Zaid mengangguk lembut, sambil menangkup kedua pipi Hafidzah dan mengelusnya penuh kasih sayang. "Iya, anak kita baik-baik saja, dia sudah lahir. Anak kita perempuan, sayang. Dia cantik sekali, seperti kamu."
Tangannya yang lemah menyentuh perutnya yang kini kembali rata. "Aku sudah jadi seorang ibu?" Hafidzah bertanya pelan, hampir tidak percaya.
"Sebelum anak kita lahir kamu juga sudah menjadi ibu sayang." jawab Zaid sambil mengangguk lembut.
"Aku mau lihat dia, Kak. Aku mau lihat anak kita," pinta Hafidzah penuh harap.
"Kita akan lihat dia, sayang. Tapi sebentar ya, kita tunggu dokter dulu untuk memastikan kamu baik-baik saja," jawab Zaid dengan sabar. Hafidzah mengangguk meskipun rasa ingin bertemu anaknya begitu besar.
Tak lama kemudian, dokter masuk dan memeriksa kondisi Hafidzah. "Ibu Hafidzah, kondisinya sudah stabil. Kami hanya perlu memastikan luka bekas operasinya dirawat dengan baik. Anak Ibu masih dalam inkubator karena lahir prematur, namun sejauh ini kondisinya baik. Kami sarankan agar Ibu juga mulai belajar cara menyusui nanti," ujar dokter dengan nada ramah.
Mendengar penjelasan itu, Hafidzah merasa sedikit lega, meskipun ada rasa bersalah yang mulai menghantui hatinya.
Setelah pemeriksaan selesai, Zaid menemani Hafidzah ke ruang NICU. Mereka berhenti di depan kaca besar yang memisahkan mereka dari inkubator tempat bayi mereka dirawat.
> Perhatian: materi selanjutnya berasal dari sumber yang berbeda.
(* Let $G$ be a finite graph, let $H$ be a connected graph, and let $f$ be a covering projection from $G$ to $H$. Let $S\subseteq V_G$ be a cutset of $G$ and let $A$ be (the vertex set of) a connected component of $G\setminus S$. Then for any two vertices $u,v\in V_H$ it holds that $|f^{-1}(u)\cap A|-|f^{-1}(v)\cap A|\le |S|$.
   Context: A graph is a triple $(V,\Lambda,\iota)$ where $V$ is a set of vertices, $\Lambda=E\cup L\cup S$ is a set of links partitioned into edges, loops and semi-edges, and $\iota$ assigns to each edge a 2-element subset of $V$ and to each loop or semi-edge a single vertex. A covering projection from $G$ to $H$ is a map $f:V_G\cup\Lambda_G\to V_H\cup\Lambda_H$ sending vertices to vertices and links to links such that: for every edge $e$ of $H$ with end-vertices $u,v$, $f^{-1}(e)$ is a perfect matching between $f^{-1}(u)$ and $f^{-1}(v)$; for every loop $l$ of $H$ at $u$, $f^{-1}(l)$ is a disjoint union of cycles (including 2-cycles formed by parallel edges, and loops) spanning $f^{-1}(u)$; for every semi-edge $s$ of $H$ at $u$, $f^{-1}(s)$ is a disjoint union of edges and semi-edges spanning $f^{-1}(u)$. A cutset of $G$ is a set of vertices whose removal disconnects $G$. *)

theory Defs
  imports Main
begin

record ('v, 'l) mgraph =
  verts :: "'v set"
  edges :: "'l set"
  loops :: "'l set"
  semis :: "'l set"
  inc   :: "'l \<Rightarrow> 'v set"

definition links :: "('v, 'l) mgraph \<Rightarrow> 'l set" where
  "links G = edges G \<union> loops G \<union> semis G"

definition is_graph :: "('v, 'l) mgraph \<Rightarrow> bool" where
  "is_graph G \<longleftrightarrow>
     edges G \<inter> loops G = {} \<and> edges G \<inter> semis G = {} \<and> loops G \<inter> semis G = {} \<and>
     (\<forall>e\<in>edges G. inc G e \<subseteq> verts G \<and> card (inc G e) = 2) \<and>
     (\<forall>l\<in>loops G \<union> semis G. \<exists>x\<in>verts G. inc G l = {x})"

definition finite_graph :: "('v, 'l) mgraph \<Rightarrow> bool" where
  "finite_graph G \<longleftrightarrow> is_graph G \<and> finite (verts G) \<and> finite (links G)"

definition ldeg :: "('v, 'l) mgraph \<Rightarrow> 'l set \<Rightarrow> 'v \<Rightarrow> nat" where
  "ldeg G F x = card {e \<in> F \<inter> edges G. x \<in> inc G e}
              + 2 * card {l \<in> F \<inter> loops G. inc G l = {x}}
              + card {s \<in> F \<inter> semis G. inc G s = {x}}"

definition covering :: "('v, 'l) mgraph \<Rightarrow> ('w, 'm) mgraph \<Rightarrow> ('v \<Rightarrow> 'w) \<Rightarrow> ('l \<Rightarrow> 'm) \<Rightarrow> bool" where
  "covering G H fv fl \<longleftrightarrow>
     fv ` verts G \<subseteq> verts H \<and> fl ` links G \<subseteq> links H \<and>
     (let fib = (\<lambda>u. {x \<in> verts G. fv x = u});
          pre = (\<lambda>a. {e \<in> links G. fl e = a}) in
       \<comment> \<open>edges: preimage is a perfect matching between the two fibres\<close>
       (\<forall>a\<in>edges H. \<forall>u v. inc H a = {u, v} \<longrightarrow>
          pre a \<subseteq> edges G \<and>
          (\<forall>e\<in>pre a. inc G e \<inter> fib u \<noteq> {} \<and> inc G e \<inter> fib v \<noteq> {}
                     \<and> inc G e \<subseteq> fib u \<union> fib v) \<and>
          (\<forall>x\<in>fib u \<union> fib v. ldeg G (pre a) x = 1)) \<and>
       \<comment> \<open>loops: preimage is a disjoint union of cycles (2-regular, loops counting twice)
           spanning the fibre\<close>
       (\<forall>a\<in>loops H. \<forall>u. inc H a = {u} \<longrightarrow>
          pre a \<subseteq> edges G \<union> loops G \<and>
          (\<forall>e\<in>pre a. inc G e \<subseteq> fib u) \<and>
          (\<forall>x\<in>fib u. ldeg G (pre a) x = 2)) \<and>
       \<comment> \<open>semi-edges: preimage is a disjoint union of edges and semi-edges spanning the fibre\<close>
       (\<forall>a\<in>semis H. \<forall>u. inc H a = {u} \<longrightarrow>
          pre a \<subseteq> edges G \<union> semis G \<and>
          (\<forall>e\<in>pre a. inc G e \<subseteq> fib u) \<and>
          (\<forall>x\<in>fib u. ldeg G (pre a) x = 1)))"

definition adj_in :: "('v, 'l) mgraph \<Rightarrow> 'v set \<Rightarrow> 'v \<Rightarrow> 'v \<Rightarrow> bool" where
  "adj_in G W x y \<longleftrightarrow> x \<in> W \<and> y \<in> W \<and> (\<exists>e\<in>edges G. inc G e = {x, y})"

definition reach_in :: "('v, 'l) mgraph \<Rightarrow> 'v set \<Rightarrow> 'v \<Rightarrow> 'v \<Rightarrow> bool" where
  "reach_in G W x y \<longleftrightarrow> x \<in> W \<and> (adj_in G W)\<^sup>*\<^sup>* x y"

definition connected_graph :: "('v, 'l) mgraph \<Rightarrow> bool" where
  "connected_graph G \<longleftrightarrow> verts G \<noteq> {} \<and>
     (\<forall>x\<in>verts G. \<forall>y\<in>verts G. reach_in G (verts G) x y)"

definition cutset :: "('v, 'l) mgraph \<Rightarrow> 'v set \<Rightarrow> bool" where
  "cutset G S \<longleftrightarrow> S \<subseteq> verts G \<and>
     (\<exists>x\<in>verts G - S. \<exists>y\<in>verts G - S. \<not> reach_in G (verts G - S) x y)"

definition component_of_removal :: "('v, 'l) mgraph \<Rightarrow> 'v set \<Rightarrow> 'v set \<Rightarrow> bool" where
  "component_of_removal G S A \<longleftrightarrow>
     (\<exists>x\<in>verts G - S. A = {y. reach_in G (verts G - S) x y})"

end

theory Submission
  imports Defs "HOL-Library.Transitive_Closure_Table"
begin

text \<open>Over an edge u u' of H the covering restricts to a perfect matching between the fibres of u
  and u'. Since a component A of G - S is closed under neighbours outside S, the matching maps the
  part of the fibre of u inside A injectively into the part of the fibre of u' inside A \<union> S.
  Telescoping this along a simple path from u to v in H bounds the difference by the number of
  vertices of S lying in the (pairwise disjoint) fibres of the inner path vertices, hence by |S|.\<close>

abbreviation fibre :: "('v, 'l) mgraph \<Rightarrow> ('v \<Rightarrow> 'w) \<Rightarrow> 'w \<Rightarrow> 'v set" where
  "fibre G fv u \<equiv> {x \<in> verts G. fv x = u}"

abbreviation lifts :: "('v, 'l) mgraph \<Rightarrow> ('l \<Rightarrow> 'm) \<Rightarrow> 'm \<Rightarrow> 'l set" where
  "lifts G fl a \<equiv> {e \<in> links G. fl e = a}"

lemma edge_ends_distinct:
  assumes "is_graph H" "a \<in> edges H" "inc H a = {u, u'}"
  shows "u \<noteq> u'"
  using assms unfolding is_graph_def by fastforce

lemma covering_edgeD:
  assumes "covering G H fv fl" "a \<in> edges H" "inc H a = {u, u'}"
  shows "lifts G fl a \<subseteq> edges G"
    and "\<And>e. e \<in> lifts G fl a \<Longrightarrow> inc G e \<inter> fibre G fv u' \<noteq> {}"
    and "\<And>x. x \<in> fibre G fv u \<union> fibre G fv u' \<Longrightarrow> ldeg G (lifts G fl a) x = 1"
proof -
  have "\<forall>a\<in>edges H. \<forall>u u'. inc H a = {u, u'} \<longrightarrow> lifts G fl a \<subseteq> edges G \<and>
      (\<forall>e\<in>lifts G fl a. inc G e \<inter> fibre G fv u \<noteq> {} \<and> inc G e \<inter> fibre G fv u' \<noteq> {}
         \<and> inc G e \<subseteq> fibre G fv u \<union> fibre G fv u') \<and>
      (\<forall>x\<in>fibre G fv u \<union> fibre G fv u'. ldeg G (lifts G fl a) x = 1)"
    using assms(1) unfolding covering_def Let_def by (elim conjE)
  with assms(2,3) show "lifts G fl a \<subseteq> edges G"
    and "\<And>e. e \<in> lifts G fl a \<Longrightarrow> inc G e \<inter> fibre G fv u' \<noteq> {}"
    and "\<And>x. x \<in> fibre G fv u \<union> fibre G fv u' \<Longrightarrow> ldeg G (lifts G fl a) x = 1"
    by blast+
qed

lemma covering_edge_lift_unique:
  assumes "covering G H fv fl" "is_graph G" "a \<in> edges H" "inc H a = {u, u'}"
    and "x \<in> fibre G fv u \<union> fibre G fv u'"
  shows "\<exists>!e. e \<in> lifts G fl a \<and> x \<in> inc G e"
proof -
  have sub: "lifts G fl a \<subseteq> edges G"
    using covering_edgeD(1)[OF assms(1,3,4)] .
  with \<open>is_graph G\<close> have "lifts G fl a \<inter> loops G = {}" "lifts G fl a \<inter> semis G = {}"
    unfolding is_graph_def by blast+
  moreover have "ldeg G (lifts G fl a) x = 1"
    using covering_edgeD(3)[OF assms(1,3,4,5)] .
  ultimately have "card {e \<in> lifts G fl a. x \<in> inc G e} = 1"
    using sub unfolding ldeg_def by (simp add: Int_absorb2)
  then obtain e0 where "{e \<in> lifts G fl a. x \<in> inc G e} = {e0}"
    by (rule card_1_singletonE)
  then show ?thesis
    by (auto simp: set_eq_iff)
qed

lemma covering_edge_lift:
  assumes "covering G H fv fl" "is_graph G" "is_graph H" "a \<in> edges H" "inc H a = {u, u'}"
    and "x \<in> fibre G fv u"
  obtains y e where "y \<in> fibre G fv u'" "e \<in> lifts G fl a" "inc G e = {x, y}"
proof -
  obtain e where e: "e \<in> lifts G fl a" "x \<in> inc G e"
    using covering_edge_lift_unique[OF assms(1,2,4,5)] \<open>x \<in> fibre G fv u\<close> by blast
  then obtain y where y: "y \<in> inc G e" "y \<in> fibre G fv u'"
    using covering_edgeD(2)[OF assms(1,4,5)] by blast
  have "x \<noteq> y"
    using edge_ends_distinct[OF assms(3-5)] \<open>x \<in> fibre G fv u\<close> y(2) by blast
  have "card (inc G e) = 2"
    using \<open>is_graph G\<close> e(1) covering_edgeD(1)[OF assms(1,4,5)] unfolding is_graph_def by blast
  then have "inc G e = {x, y}"
    using e(2) y(1) \<open>x \<noteq> y\<close> by (auto simp: card_2_iff)
  with y(2) e(1) show thesis
    using that by blast
qed

lemma card_fibre_inter_closed_le:
  assumes "covering G H fv fl" "is_graph G" "is_graph H" "finite (verts G)"
    and "a \<in> edges H" "inc H a = {u, u'}"
    and closed: "\<And>x y e. x \<in> A \<Longrightarrow> y \<in> verts G - S \<Longrightarrow> e \<in> edges G \<Longrightarrow> inc G e = {x, y} \<Longrightarrow> y \<in> A"
  shows "card (fibre G fv u \<inter> A) \<le> card (fibre G fv u' \<inter> A) + card (fibre G fv u' \<inter> S)"
proof -
  define matched where "matched x y \<longleftrightarrow> (\<exists>e\<in>lifts G fl a. inc G e = {x, y})" for x y
  have "card (fibre G fv u \<inter> A) \<le> card (fibre G fv u' \<inter> A \<union> fibre G fv u' \<inter> S)"
  proof (rule card_le_if_inj_on_rel[where r = matched])
    show "finite (fibre G fv u' \<inter> A \<union> fibre G fv u' \<inter> S)"
      using \<open>finite (verts G)\<close> by auto
  next
    fix x assume x: "x \<in> fibre G fv u \<inter> A"
    then obtain y e where y: "y \<in> fibre G fv u'" "e \<in> lifts G fl a" "inc G e = {x, y}"
      using covering_edge_lift[OF assms(1-3,5,6)] by blast
    moreover have "y \<in> A \<or> y \<in> S"
      using closed[of x y e] x y covering_edgeD(1)[OF assms(1,5,6)] by blast
    ultimately show "\<exists>y. y \<in> fibre G fv u' \<inter> A \<union> fibre G fv u' \<inter> S \<and> matched x y"
      unfolding matched_def by blast
  next
    fix x1 x2 y
    assume x: "x1 \<in> fibre G fv u \<inter> A" "x2 \<in> fibre G fv u \<inter> A"
      and y: "y \<in> fibre G fv u' \<inter> A \<union> fibre G fv u' \<inter> S" and "matched x1 y" "matched x2 y"
    then obtain e1 e2 where e: "e1 \<in> lifts G fl a" "inc G e1 = {x1, y}"
      "e2 \<in> lifts G fl a" "inc G e2 = {x2, y}"
      unfolding matched_def by blast
    have "e1 = e2"
      using covering_edge_lift_unique[OF assms(1,2,5,6), of y] y e by blast
    moreover have "x1 \<noteq> y" "x2 \<noteq> y"
      using edge_ends_distinct[OF assms(3,5,6)] x y by blast+
    ultimately show "x1 = x2"
      using e by (metis doubleton_eq_iff)
  qed
  also have "\<dots> \<le> card (fibre G fv u' \<inter> A) + card (fibre G fv u' \<inter> S)"
    by (rule card_Un_le)
  finally show ?thesis .
qed

lemma component_of_removal_subset:
  assumes "component_of_removal G S A"
  shows "A \<subseteq> verts G - S"
proof
  fix y assume "y \<in> A"
  with assms obtain x where "(adj_in G (verts G - S))\<^sup>*\<^sup>* x y" "x \<in> verts G - S"
    unfolding component_of_removal_def reach_in_def by blast
  then show "y \<in> verts G - S"
    by (induction rule: rtranclp_induct) (auto simp: adj_in_def)
qed

lemma component_of_removal_closed:
  assumes "component_of_removal G S A" "x \<in> A" "y \<in> verts G - S" "e \<in> edges G" "inc G e = {x, y}"
  shows "y \<in> A"
proof -
  obtain x0 where A: "x0 \<in> verts G - S" "A = {y. reach_in G (verts G - S) x0 y}"
    using assms(1) unfolding component_of_removal_def by blast
  have "adj_in G (verts G - S) x y"
    using component_of_removal_subset[OF assms(1)] assms(2-5) unfolding adj_in_def by blast
  with A \<open>x \<in> A\<close> show ?thesis
    unfolding reach_in_def by (auto intro: rtranclp.rtrancl_into_rtrancl)
qed

lemma rtrancl_path_telescope:
  fixes f g :: "'a \<Rightarrow> nat"
  assumes "rtrancl_path R p xs q" "distinct xs" "\<And>a b. R a b \<Longrightarrow> f a \<le> f b + g b"
  shows "f p \<le> f q + sum g (set xs)"
  using assms
proof (induction rule: rtrancl_path.induct)
  case (base x)
  then show ?case by simp
next
  case (step x y ys z)
  then have "f x \<le> f y + g y" "f y \<le> f z + sum g (set ys)" "y \<notin> set ys"
    by simp_all
  then show ?case by simp
qed

lemma sum_card_fibres_inter_le:
  assumes "finite S"
  shows "(\<Sum>w\<in>W. card ({x \<in> V. f x = w} \<inter> S)) \<le> card S"
proof (cases "finite W")
  case True
  then have "(\<Sum>w\<in>W. card ({x \<in> V. f x = w} \<inter> S)) = card (\<Union>w\<in>W. {x \<in> V. f x = w} \<inter> S)"
    using \<open>finite S\<close> by (subst card_UN_disjoint) auto
  also have "\<dots> \<le> card S"
    using \<open>finite S\<close> by (intro card_mono) auto
  finally show ?thesis .
qed simp

theorem mainTheorem2:
  fixes G :: "('v, 'l) mgraph" and H :: "('w, 'm) mgraph"
    and fv :: "'v \<Rightarrow> 'w" and fl :: "'l \<Rightarrow> 'm"
  assumes "finite_graph G"
    and "is_graph H"
    and "connected_graph H"
    and "covering G H fv fl"
    and "cutset G S"
    and "component_of_removal G S A"
    and "u \<in> verts H" and "v \<in> verts H"
  shows "int (card ({x \<in> verts G. fv x = u} \<inter> A)) - int (card ({x \<in> verts G. fv x = v} \<inter> A))
         \<le> int (card S)"
proof -
  have G: "is_graph G" "finite (verts G)"
    using assms(1) unfolding finite_graph_def by auto
  have "finite S"
    using assms(5) G(2) unfolding cutset_def by (meson finite_subset)
  define inA where "inA w = card (fibre G fv w \<inter> A)" for w
  define inS where "inS w = card (fibre G fv w \<inter> S)" for w
  have step: "inA w \<le> inA w' + inS w'" if "adj_in H (verts H) w w'" for w w'
    using that unfolding adj_in_def inA_def inS_def
    by (auto intro: card_fibre_inter_closed_le[OF assms(4) G(1) assms(2) G(2)]
        component_of_removal_closed[OF assms(6)])
  have "(adj_in H (verts H))\<^sup>*\<^sup>* u v"
    using assms(3,7,8) unfolding connected_graph_def reach_in_def by blast
  then obtain ws where path: "rtrancl_path (adj_in H (verts H)) u ws v" "distinct (u # ws)"
    by (metis rtrancl_path_distinct rtranclp_eq_rtrancl_path)
  have "inA u \<le> inA v + sum inS (set ws)"
    using rtrancl_path_telescope[OF path(1) _ step] path(2) by simp
  moreover have "sum inS (set ws) \<le> card S"
    unfolding inS_def using sum_card_fibres_inter_le[OF \<open>finite S\<close>] .
  ultimately show ?thesis
    unfolding inA_def by simp
qed

end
Hafidzah berdiri diam, menatap putri kecilnya yang terbaring di dalam sana, tubuh mungilnya terhubung dengan berbagai alat medis.
KAMU SEDANG MEMBACA
Z A I D (ON GOING)
JugendliteraturSQUEL ARCELIO FOLLOW SEBELUM MEMBACA!!! HARGAI KARYA ORANG, MAKA DARI ITU VOTE DAN KOMEN! NO PLAGIAT, AKU YAKIN PASTI CERITA MU LEBIH MENARIK⚠️ **** Menikah? Di usia muda? Tak pernah menjadi bagian hidup Zaid. Karena jebakan musuhnya membuat semua o...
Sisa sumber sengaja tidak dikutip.